A protocol for the early initiation of enteral nutrition was applied to both groups, and insulin was infused to achieve normoglycemia.
Results
Patients in the late-initiation group had a relative increase of 6.3% in the likelihood of being discharged alive earlier from the ICU (hazard ratio, 1.06; 95% confidence interval [CI], 1.00 to 1.13; P = 0.04) and from the hospital (hazard ratio, 1.06; 95% CI, 1.00 to 1.13; P = 0.04), without evidence of decreased functional status at hospital AS1842856 supplier discharge. Rates of death in the ICU and in the hospital and rates of survival at 90 days were similar in the two groups. Patients in the late-initiation group,
as compared with the early-initiation group, had fewer ICU infections (22.8% vs. 26.2%, P = 0.008) and a lower incidence of cholestasis (P<0.001). The late-initiation group had a relative reduction of 9.7% in the proportion of patients requiring more than 2 days of mechanical ventilation (P = 0.006), a median reduction www.selleckchem.com/products/gw3965.html of 3 days in the duration of renal-replacement therapy (P = 0.008), and a mean reduction in health
care costs of ss1,110 (about $1,600) (P = 0.04).
Conclusions
Late initiation of parenteral nutrition was associated with faster recovery and fewer complications, as compared with early initiation.”
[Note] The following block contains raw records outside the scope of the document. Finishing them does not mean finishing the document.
(* By step_in_range the interval [lower m, upper m] contains the next state. *)
lemma upper_lower_step: "upper (Suc m) \<le> upper m" "lower m \<le> lower (Suc m)"
proof -
  have bounds: "lower m \<le> state (Suc m) i \<and> state (Suc m) i \<le> upper m" if "i < n" for i
    using step_in_range[OF A that state_bounds] by simp
  have ne: "state (Suc m) ` {..<n} \<noteq> {}" using n_pos by blast
  show "upper (Suc m) \<le> upper m"
    unfolding upper_def[of "Suc m"] by (subst Max_le_iff[OF _ ne]) (use bounds in auto)
  show "lower m \<le> lower (Suc m)"
    unfolding lower_def[of "Suc m"] by (subst Min_ge_iff[OF _ ne]) (use bounds in auto)
qed

lemma upper_decseq: "decseq upper"
  by (rule decseq_SucI) (rule upper_lower_step)

lemma lower_incseq: "incseq lower"
  by (rule incseq_SucI) (rule upper_lower_step)

lemma spread_decseq: "decseq (\<lambda>m. upper m - lower m)"
  unfolding decseq_def using decseqD[OF upper_decseq] incseqD[OF lower_incseq] by (meson diff_mono)

(* Spread tending to zero yields consensus, since upper and lower are monotone and
   enclose every state. *)
lemma consensus_of_spread:
  assumes spread: "(\<lambda>m. upper m - lower m) \<longlonglongrightarrow> 0"
  shows "\<exists>z. \<forall>i<n. (\<lambda>m. state m i) \<longlonglongrightarrow> z"
proof -
  have "lower 0 \<le> upper m" for m
    using incseqD[OF lower_incseq, of 0 m] lower_le_upper[of m] by linarith
  then obtain z where upper_lim: "upper \<longlonglongrightarrow> z"
    using decseq_convergent[OF upper_decseq] by blast
  have "(\<lambda>m. upper m - (upper m - lower m)) \<longlonglongrightarrow> z - 0"
    using upper_lim spread by (rule tendsto_diff)
  then have lower_lim: "lower \<longlonglongrightarrow> z" by simp
  have "(\<lambda>m. state m i) \<longlonglongrightarrow> z" if "i < n" for i
    using state_bounds[OF that]
    by (intro tendsto_sandwich[OF _ _ lower_lim upper_lim]) (auto intro: always_eventually)
  then show ?thesis by blast
qed

subsection \<open>Contraction over one window of (n - 1) B steps\<close>

context
  fixes B s :: nat and a :: real
  assumes UJ: "UJSC n E B"
    and a_nonneg: "0 \<le> a" and a_le_alpha: "\<And>r. r < (n - 1) * B \<Longrightarrow> a \<le> alpha (k0 + s + r)"
begin

definition lagging :: "nat \<Rightarrow> nat set" where
  "lagging r = {i. i < n \<and> a ^ r * (upper s - lower s) \<le> upper s - state (s + r) i}"

lemma lagging_subset: "lagging r \<subseteq> {..<n}"
  unfolding lagging_def by auto

(* One update propagates lagging along an edge (j, i): this is where the Min-term and
   the lower bound a of alpha enter. *)
lemma lagging_spreads:
  assumes r: "r < (n - 1) * B" and j: "j \<in> lagging r" and i: "i < n"
    and edge: "j \<in> nbrs n E (k0 + s + r) i"
  shows "i \<in> lagging (Suc r)"
proof -
  let ?U = "upper s" and ?y = "state (s + r)"
  have below_U: "?y l \<le> ?U" if "l < n" for l
    using state_bounds[OF that, of "s + r"] decseqD[OF upper_decseq, of s "s + r"] by simp
  have "a * (a ^ r * (?U - lower s)) \<le> a * (?U - ?y j)"
    using j a_nonneg unfolding lagging_def by (auto intro: mult_left_mono)
  also have "\<dots> \<le> alpha (k0 + (s + r)) * (?U - ?y j)"
    using a_le_alpha[OF r] below_U[of j] j unfolding lagging_def
    by (intro mult_right_mono) (auto simp: add.assoc)
  also have "\<dots> \<le> ?U - state (Suc (s + r)) i"
    using step_gap[OF A i edge below_U] by (simp add: add.assoc)
  finally show ?thesis using i unfolding lagging_def by simp
qed

(* Since every node is its own neighbour, lagging nodes stay lagging. *)
lemma lagging_mono:
  assumes "r \<le> r'" "r' \<le> (n - 1) * B"
  shows "lagging r \<subseteq> lagging r'"
  using assms
proof (induction r' rule: dec_induct)
  case (step q)
  have "i \<in> lagging (Suc q)" if "i \<in> lagging q" for i
    using lagging_spreads[of q i i] nbrs_facts(2)[of i n] lagging_subset[of q] that step by auto
  then show ?case using step by auto
qed simp

(* Strong connectivity of the B-window starting at step r lets the lagging set escape. *)
lemma lagging_grows:
  assumes window: "r + B \<le> (n - 1) * B"
    and nonempty: "lagging r \<noteq> {}" and not_all: "lagging r \<noteq> {..<n}"
  shows "lagging r \<subset> lagging (r + B)"
proof -
  have B_pos: "1 \<le> B" using UJ unfolding UJSC_def by simp
  have connected: "strongly_connected n (union_graph E (k0 + s + r) (k0 + s + r + B - 1))"
    using UJ unfolding UJSC_def by simp
  obtain j where j: "j \<in> lagging r" using nonempty by auto
  obtain i where i: "i < n" "i \<notin> lagging r" using not_all lagging_subset by auto
  have j_lt: "j < n" using j lagging_subset by auto
  define R where "R = union_graph E (k0 + s + r) (k0 + s + r + B - 1) \<inter> ({..<n} \<times> {..<n})"
  have "(j, i) \<in> R\<^sup>*"
    using connected j_lt i(1) unfolding strongly_connected_def R_def by simp
  then obtain u v where uv: "(u, v) \<in> R" "u \<in> lagging r" "v \<notin> lagging r"
    using rtrancl_exit_edge[OF _ j i(2)] by blast
  then have uv_lt: "u < n" "v < n" and "(u, v) \<in> union_graph E (k0 + s + r) (k0 + s + r + B - 1)"
    unfolding R_def by auto
  then obtain kk where kk: "k0 + s + r \<le> kk" "kk \<le> k0 + s + r + B - 1" "(u, v) \<in> E kk"
    unfolding union_graph_def by auto
  define q where "q = kk - (k0 + s)"
  have q: "r \<le> q" "q < (n - 1) * B" "Suc q \<le> r + B" "kk = k0 + s + q"
    using kk(1,2) B_pos window unfolding q_def by linarith+
  have "u \<in> lagging q" using lagging_mono[of r q] q(1,2) uv(2) by auto
  moreover have "u \<in> nbrs n E (k0 + s + q) v" using kk(3) q(4) uv_lt unfolding nbrs_def by auto
  ultimately have "v \<in> lagging (Suc q)" using lagging_spreads[OF q(2) _ uv_lt(2)] by blast
  then have "v \<in> lagging (r + B)" using lagging_mono[of "Suc q" "r + B"] q(3) window by blast
  moreover have "lagging r \<subseteq> lagging (r + B)" using lagging_mono[OF le_add1 window] .
  ultimately show ?thesis using uv(3) by blast
qed

(* The node realizing lower s lags from the start, and the lagging set gains a node
   in each of the n - 1 B-windows, so eventually all nodes lag. *)
lemma lagging_all: "lagging ((n - 1) * B) = {..<n}"
proof -
  have fin: "finite (lagging r)" for r using lagging_subset finite_subset by blast
  have card_lagging: "t + 1 \<le> card (lagging (t * B))" if "t \<le> n - 1" for t
    using that
  proof (induction t)
    case 0
    have "lower s \<in> state s ` {..<n}"
      unfolding lower_def using n_pos by (intro Min_in) auto
    then obtain i0 where "i0 < n" "state s i0 = lower s" by auto
    then have "i0 \<in> lagging 0" unfolding lagging_def by simp
    then have "lagging 0 \<noteq> {}" by blast
    then show ?case using fin[of 0] by (simp add: Suc_le_eq card_gt_0_iff)
  next
    case (Suc t)
    have window: "t * B + B \<le> (n - 1) * B"
      using mult_le_mono1[OF Suc.prems, of B] by simp
    have next_window: "Suc t * B = t * B + B" by simp
    have IH: "t + 1 \<le> card (lagging (t * B))" using Suc by simp
    show ?case
    proof (cases "lagging (t * B) = {..<n}")
      case True
      then have "lagging (t * B + B) = {..<n}"
        using lagging_mono[OF le_add1 window] lagging_subset[of "t * B + B"] by blast
      then show ?thesis using Suc.prems unfolding next_window by simp
    next
      case False
      have "lagging (t * B) \<noteq> {}" using IH by auto
      then have "lagging (t * B) \<subset> lagging (t * B + B)"
        using lagging_grows[OF window _ False] by blast
      then have "card (lagging (t * B)) < card (lagging (t * B + B))"
        using fin by (rule psubset_card_mono[rotated])
      then show ?thesis using IH unfolding next_window by simp
    qed
  qed
  have "n \<le> card (lagging ((n - 1) * B))" using card_lagging[of "n - 1"] n_pos by simp
  then show ?thesis using lagging_subset by (intro card_seteq) auto
qed

lemma window_contraction:
  "upper (s + (n - 1) * B) - lower (s + (n - 1) * B)
     \<le> (1 - a ^ ((n - 1) * B)) * (upper s - lower s)"
proof -
  let ?L = "(n - 1) * B"
  have below: "state (s + ?L) i \<le> upper s - a ^ ?L * (upper s - lower s)" if "i < n" for i
  proof -
    have "i \<in> lagging ?L" using that lagging_all by simp
    then show ?thesis unfolding lagging_def by simp
  qed
  have ne: "state (s + ?L) ` {..<n} \<noteq> {}" using n_pos by blast
  have "upper (s + ?L) \<le> upper s - a ^ ?L * (upper s - lower s)"
    unfolding upper_def[of "s + ?L"] Max_le_iff[OF finite_imageI[OF finite_lessThan] ne]
    using below by blast
  moreover have "lower s \<le> lower (s + ?L)" using incseqD[OF lower_incseq] by simp
  ultimately show ?thesis by (simp add: algebra_simps)
qed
“A subtype-specific PCR approach is described for the identification of HIV-1 intersubtype CRF01_AE and BC recombinants, the two predominant subtypes in Southern China. Primers were designed based on the env and gag regions of the HIV-1 genome. Nested PCRs with primers targeting the env region were performed to amplify subtype C, CRF01_AE, or BC recombinants. To differentiate BC recombinants
from subtype C virus, a BC recombinant specific gag PCR was then performed. In order to identify the CRF07_BC and CRF08_BC recombinant forms, during an additional PCR step was included. Four HIV-1 samples of known subtype, 77 samples with unknown-subtype, and 30 HIV-negative control samples were tested by the new assay. The results of this PCR-based subtyping approach were compared with that of a sequence-based phylogenetic analysis. In total, 73 (94.8%) samples were amplified by the subtype-specific PCR reactions, of which 39 were identified as CRF01_AE, 14 as CRF07_BC, and 20 as CRF08_BC. The sensitivity of this assay was 90.7% for the CRF01_AE recombinant and 100% for BC recombinants. The specificity was 100% when used to identify 30 HIV-negative samples. The reproducibility was 93.8% for CRF01_AE, and 100% for BC recombinants. This subtype-specific PCR technique represents a simple, rapid, and low-cost assay for the identification of HIV-1 CRF01_AE and BC recombinants in Southern China. (C) 2010 Published by Elsevier B.V.